Валдр довольно долго показывал им это, словно желая убедиться, что Эрагон и Сапфира все запомнят и бережно сохранят. Однако они оба так толком и не поняли, что именно хотел сказать им старый дракон, а Валдр разъяснять свои намерения отказался.
Когда наконец вдали стал виден Урубаен, Элдунари драконов умолкли, перестав делиться с Эрагоном и Сапфирой своими воспоминаниями, и Умаротх сказал:
«Ну вот, теперь вам стоит внимательно ознакомиться с логовом нашего главного врага».

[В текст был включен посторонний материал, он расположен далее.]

(* Let $G$ be a graph, and let $B,C\subseteq V(G)$ where $B$ covers $C$. Suppose every induced subgraph $J$ of $G$ with $\omega(J)<\omega(G)$ has chromatic number at most $\tau$. Let the enumeration $(b_1,\ldots,b_m)$ of $B$ and the grading $(W_1,\ldots,W_n)$ of $G[C]$ be compatible, and let $(W_1,\ldots,W_n)$ be $w$-colourable. Let $H$ be the subgraph of $G$ with vertex set $C$ and edge set the set of all square edges. Then $\chi(G[C])\le w\tau\chi(H)$.
   Context: Graphs are finite and simple. $B$ covers $C$ means $B\cap C=\emptyset$ and every vertex in $C$ has a neighbour in $B$. Given an enumeration $(b_1,\ldots,b_m)$ of $B$, $b_i$ is earlier than $b_j$ if $i<j$, and for $v\in C$ the earliest parent of $v$ is $b_i$ with $i$ minimum such that $b_i$ is adjacent to $v$. An edge $uv$ of $G[C]$ is square if the earliest parent of $u$ is nonadjacent to $v$ and the earliest parent of $v$ is nonadjacent to $u$. A grading of $G[C]$ is a sequence $(W_1,\ldots,W_n)$ of pairwise disjoint subsets of $C$ with union $C$; it is $w$-colourable if $\chi(G[W_i])\le w$ for all $i$; $u$ is earlier than $v$ if $u\in W_i$, $v\in W_j$, $i<j$. The enumeration and the grading are compatible if for all $u,v\in C$ with $u$ earlier than $v$, the earliest parent of $u$ is earlier than the earliest parent of $v$. *)

theory Defs
  imports Main
begin

definition graph :: "'a set \<Rightarrow> ('a \<Rightarrow> 'a \<Rightarrow> bool) \<Rightarrow> bool" where
  "graph V E \<longleftrightarrow> finite V \<and> (\<forall>u v. E u v \<longrightarrow> u \<in> V \<and> v \<in> V)
     \<and> (\<forall>u v. E u v \<longrightarrow> E v u) \<and> (\<forall>v. \<not> E v v)"

definition colourable :: "'a set \<Rightarrow> ('a \<Rightarrow> 'a \<Rightarrow> bool) \<Rightarrow> nat \<Rightarrow> bool" where
  "colourable S E k \<longleftrightarrow> (\<exists>f::'a \<Rightarrow> nat. (\<forall>v\<in>S. f v < k) \<and>
      (\<forall>u\<in>S. \<forall>v\<in>S. E u v \<longrightarrow> f u \<noteq> f v))"

text \<open>Chromatic number of the graph with vertex set S and edges E restricted to S
  (for S a subset of V(G), this is the chromatic number of G[S]).\<close>
definition chromatic :: "'a set \<Rightarrow> ('a \<Rightarrow> 'a \<Rightarrow> bool) \<Rightarrow> nat" where
  "chromatic S E = (LEAST k. colourable S E k)"

definition clique :: "'a set \<Rightarrow> ('a \<Rightarrow> 'a \<Rightarrow> bool) \<Rightarrow> 'a set \<Rightarrow> bool" where
  "clique S E K \<longleftrightarrow> K \<subseteq> S \<and> (\<forall>u\<in>K. \<forall>v\<in>K. u \<noteq> v \<longrightarrow> E u v)"

definition clique_number :: "'a set \<Rightarrow> ('a \<Rightarrow> 'a \<Rightarrow> bool) \<Rightarrow> nat" where
  "clique_number S E = Max {card K | K. clique S E K}"

definition covers :: "('a \<Rightarrow> 'a \<Rightarrow> bool) \<Rightarrow> 'a set \<Rightarrow> 'a set \<Rightarrow> bool" where
  "covers E B C \<longleftrightarrow> B \<inter> C = {} \<and> (\<forall>v\<in>C. \<exists>b\<in>B. E b v)"

definition enumeration :: "'a list \<Rightarrow> 'a set \<Rightarrow> bool" where
  "enumeration bs B \<longleftrightarrow> distinct bs \<and> set bs = B"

И Сапфира сделала несколько кругов над городом, но то, что они увидели, отнюдь не прибавило им бодрости, особенно когда Глаэдр сказал:
«Похоже, Гальбаторикс немало построил с тех пор, как изгнал нас отсюда. В наши дни эти стены не были ни такими толстыми, ни такими высокими».
А Умаротх прибавил:
«Да и сама Илирия никогда не была так укреплена, даже во время нашей войны с эльфами. Этот предатель выкопал себе глубокую нору, да еще и целую груду камней сверху навалил. По-моему, по собственной воле он оттуда ни за что не вылезет. Он, как барсук, забился поглубже в свое логово и готов расквасить нос любому, кто попытается свой нос туда сунуть».
В миле от прячущейся под скалистым выступом цитадели Гальбаторикса и самой столицы Империи, на юго-западе от нее, раскинулся лагерь варденов. Он стал значительно больше, чем помнилось Эрагону, что несколько его озадачило, пока он не понял, что это, должно быть, королева эльфов Имиладрис со своим войском наконец-то присоединились к варденам. Он с облегчением вздохнул: даже Гальбаторикс опасался могущества эльфов.
Когда Сапфира была примерно в лиге от лагеря, Элдунари помогли Эрагону расширить свое мысленное восприятие, чтобы он смог охватить мысли варденов — людей, гномов, эльфов и ургалов. Его мысленное прикосновение было слишком легким и мимолетным, чтобы кто-то успел его заметить, если только специально не ждал этого; однако он почти сразу уловил знакомое, довольно-таки напряженное звучание диковатой эльфийской музыки, которая всегда звучала в мыслях Блёдхгарма, и решил сосредоточиться только на сознании этого эльфа.
«Приветствую тебя, Блёдхгарм, — мысленно сказал он ему, — это я, Эрагон».
Более пышное приветствие показалось ему чрезмерным — все-таки они с Блёдхгармом столько уже пережили вместе.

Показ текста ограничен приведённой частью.